The right of privacy as an independent concept made its first appearance in American law as a civil tort whose remedy was suit for damages or injunction in protection against unwarranted invasion of the “right to be let alone.” Its first articulation was the renowned article by Warren and Brandeis in the Harvard Law Review (1890). As an alleged and court decreed constitutional right against state interference with inner zones of space pertinent to “individual dignity and autonomy,” Griswold v. Conn. (1965) is the premier case.
While freedom of the press has a long and well-established history in American law, the theoretical foundations of the right of privacy remain relatively unformed and inchoate. Against this background, coupled with such modern developments as the increasing scope of governmental intercession in most areas of national life, the development of modern technology for ferreting out and monitoring everyone's affairs, and the closing in of physical and psychic space for the average person, the need for creation of an adequate law of privacy is imperative for the future health of society.
Emerson concedes that on most points the law of privacy and the law sustaining a free press are mutually supportive features of the basic system of individual rights. There are, however, two major areas when accommodation must be developed. One of these is where the privacy right comes into sharp contrast with the right to publish. The other involves the rights of the press to obtain information from the government which confronts an individual's claim that data about one's personal affairs may be inappropriately disseminated by invocation of right-to-know principles.

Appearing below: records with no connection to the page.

(* Let $\mathcal{P}$ be a nonempty finite poset with $n=|\mathcal{P}|$, let $m=\max_{p\in\mathcal{P}}(|{\downarrow}p|+|{\uparrow}p|)$, and let $\mathcal{A},\mathcal{B}$ be dual families of downsets over $\mathcal{L}(\mathcal{P})$. Then $$\sum_{A\in\mathcal{A}}(3/4)^{|A|/m^2}+\sum_{B\in\mathcal{B}}e^{-(n-|B|)/m}\ \ge\ 1.$$
   Context: For a finite poset $\mathcal{P}$, $\mathcal{L}(\mathcal{P})$ is the lattice of all downsets of $\mathcal{P}$ ordered by inclusion. ${\downarrow}p=\{q:q\le p\}$, ${\uparrow}p=\{q:q\ge p\}$ (both contain $p$, so $m\ge2$). Two families $\mathcal{A},\mathcal{B}$ of downsets of $\mathcal{P}$ are dual over $\mathcal{L}(\mathcal{P})$ if $A\not\subseteq B$ for all $A\in\mathcal{A},B\in\mathcal{B}$, and for every downset $X$ of $\mathcal{P}$ either $X\subseteq B$ for some $B\in\mathcal{B}$ or $A\subseteq X$ for some $A\in\mathcal{A}$. *)

theory Defs
  imports Complex_Main
begin

definition partial_order_on' :: "'a set \<Rightarrow> ('a \<Rightarrow> 'a \<Rightarrow> bool) \<Rightarrow> bool" where
  "partial_order_on' P le \<longleftrightarrow>
     (\<forall>x\<in>P. le x x) \<and>
     (\<forall>x\<in>P. \<forall>y\<in>P. le x y \<and> le y x \<longrightarrow> x = y) \<and>
     (\<forall>x\<in>P. \<forall>y\<in>P. \<forall>z\<in>P. le x y \<and> le y z \<longrightarrow> le x z)"

definition downset :: "'a set \<Rightarrow> ('a \<Rightarrow> 'a \<Rightarrow> bool) \<Rightarrow> 'a set \<Rightarrow> bool" where
  "downset P le D \<longleftrightarrow> D \<subseteq> P \<and> (\<forall>x\<in>D. \<forall>y\<in>P. le y x \<longrightarrow> y \<in> D)"

definition down :: "'a set \<Rightarrow> ('a \<Rightarrow> 'a \<Rightarrow> bool) \<Rightarrow> 'a \<Rightarrow> 'a set" where
  "down P le p = {q\<in>P. le q p}"

definition up :: "'a set \<Rightarrow> ('a \<Rightarrow> 'a \<Rightarrow> bool) \<Rightarrow> 'a \<Rightarrow> 'a set" where
  "up P le p = {q\<in>P. le p q}"

definition dual_families :: "'a set \<Rightarrow> ('a \<Rightarrow> 'a \<Rightarrow> bool) \<Rightarrow> 'a set set \<Rightarrow> 'a set set \<Rightarrow> bool" where
  "dual_families P le \<A> \<B> \<longleftrightarrow>
     (\<forall>A\<in>\<A>. downset P le A) \<and> (\<forall>B\<in>\<B>. downset P le B) \<and>
     (\<forall>A\<in>\<A>. \<forall>B\<in>\<B>. \<not> A \<subseteq> B) \<and>
     (\<forall>X. downset P le X \<longrightarrow> (\<exists>B\<in>\<B>. X \<subseteq> B) \<or> (\<exists>A\<in>\<A>. A \<subseteq> X))"

end

theory Submission
  imports Defs "HOL-Library.Disjoint_Sets"
begin

(* Let S be a random subset of P containing each element independently with probability 1/m,
   and let D be its down-closure. By duality either D is contained in some B of \<B> or D contains
   some A of \<A>, so by the union bound the probabilities of these events sum to at least 1.
   D \<subseteq> B forces S to avoid P - B, which has probability (1 - 1/m)^(n - |B|) \<le> e^(-(n - |B|)/m).
   For A \<subseteq> D, greedily pick A' \<subseteq> A with pairwise disjoint up-sets and |A| \<le> m^2 |A'|: S must
   meet each of these up-sets, independent events of probability 1 - (1 - 1/m)^|up a|, and
   |up a| < m makes this at most 1 - (1 - 1/m)^(m-1) \<le> 3/4. *)

text \<open>The probability that a random subset of T, containing each element independently with
  probability q, equals S.\<close>
definition subset_weight :: "real \<Rightarrow> 'a set \<Rightarrow> 'a set \<Rightarrow> real" where
  "subset_weight q T S = q ^ card S * (1 - q) ^ card (T - S)"

definition subset_prob :: "real \<Rightarrow> 'a set \<Rightarrow> ('a set \<Rightarrow> bool) \<Rightarrow> real" where
  "subset_prob q T E = (\<Sum>S\<in>Pow T. if E S then subset_weight q T S else 0)"

lemma subset_weight_nonneg: "0 \<le> q \<Longrightarrow> q \<le> 1 \<Longrightarrow> 0 \<le> subset_weight q T S"
  unfolding subset_weight_def by simp

lemma sum_subset_weight:
  assumes "finite T"
  shows "(\<Sum>S\<in>Pow T. subset_weight q T S) = 1"
  using prod_add[OF assms, of "\<lambda>_. q" "\<lambda>_. 1 - q"] by (simp add: subset_weight_def)

lemma subset_prob_True: "finite T \<Longrightarrow> subset_prob q T (\<lambda>_. True) = 1"
  by (simp add: subset_prob_def sum_subset_weight)

lemma subset_prob_cong:
  "(\<And>S. S \<subseteq> T \<Longrightarrow> E S \<longleftrightarrow> F S) \<Longrightarrow> subset_prob q T E = subset_prob q T F"
  unfolding subset_prob_def by (intro sum.cong) auto

lemma subset_prob_mono:
  assumes "0 \<le> q" "q \<le> 1" "\<And>S. S \<subseteq> T \<Longrightarrow> E S \<Longrightarrow> F S"
  shows "subset_prob q T E \<le> subset_prob q T F"
  unfolding subset_prob_def using assms by (intro sum_mono) (auto simp: subset_weight_nonneg)

lemma subset_prob_empty:
  assumes "finite T"
  shows "subset_prob q T (\<lambda>S. S = {}) = (1 - q) ^ card T"
  using assms by (simp add: subset_prob_def subset_weight_def)

lemma subset_prob_nonempty:
  assumes "finite T"
  shows "subset_prob q T (\<lambda>S. S \<noteq> {}) = 1 - (1 - q) ^ card T"
proof -
  have "subset_prob q T (\<lambda>_. True) = subset_prob q T (\<lambda>S. S = {}) + subset_prob q T (\<lambda>S. S \<noteq> {})"
    unfolding subset_prob_def sum.distrib[symmetric] by (intro sum.cong) auto
  then show ?thesis using subset_prob_True[OF assms] subset_prob_empty[OF assms] by simp
qed

lemma sum_Pow_Un_disjoint:
  assumes "finite X" "finite Y" "X \<inter> Y = {}"
  shows "(\<Sum>S\<in>Pow (X \<union> Y). g S) = (\<Sum>S\<in>Pow X. \<Sum>S'\<in>Pow Y. g (S \<union> S'))"
proof -
  have "bij_betw (\<lambda>(S, S'). S \<union> S') (Pow X \<times> Pow Y) (Pow (X \<union> Y))"
  proof (rule bij_betwI[where g = "\<lambda>S. (S \<inter> X, S \<inter> Y)"])
    show "(\<lambda>(S, S'). S \<union> S') \<in> Pow X \<times> Pow Y \<rightarrow> Pow (X \<union> Y)" by auto
    show "(\<lambda>S. (S \<inter> X, S \<inter> Y)) \<in> Pow (X \<union> Y) \<rightarrow> Pow X \<times> Pow Y" by auto
    show "(\<lambda>S. (S \<inter> X, S \<inter> Y)) ((\<lambda>(S, S'). S \<union> S') p) = p" if "p \<in> Pow X \<times> Pow Y" for p
      using that assms(3) by auto
    show "(\<lambda>(S, S'). S \<union> S') (S \<inter> X, S \<inter> Y) = S" if "S \<in> Pow (X \<union> Y)" for S
      using that by auto
  qed
  then have "(\<Sum>S\<in>Pow (X \<union> Y). g S) = (\<Sum>(S, S')\<in>Pow X \<times> Pow Y. g (S \<union> S'))"
    by (subst sum.reindex_bij_betw[symmetric]) (auto simp: case_prod_unfold)
  then show ?thesis by (simp add: sum.cartesian_product)
qed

In examining the conflict between the status of the law concerning the right to publish and the privacy tort, Emerson surveys theories of the right to privacy, and traces the formulation and application of legal doctrines and remedies. With respect to the conflict between the right of privacy and the right to obtain information, Emerson examines the legal basis and right of the press to obtain information, the legal basis of the right of privacy, and the application of privacy protection.
His overall objective is to make some progress toward formulating an accommodation between the freedom of the press which has an ancient lineage in our jurisprudence and the right of privacy which has developed out of the needs of a technological civilization. Both are now vital features of our system of individual rights. Emerson suggests that a balancing can best be achieved by focusing more on the privacy side of the equation than has been done in the past since the press is strong, healthy, and well-organized, whereas individuals whose privacy is at stake are scattered and weak.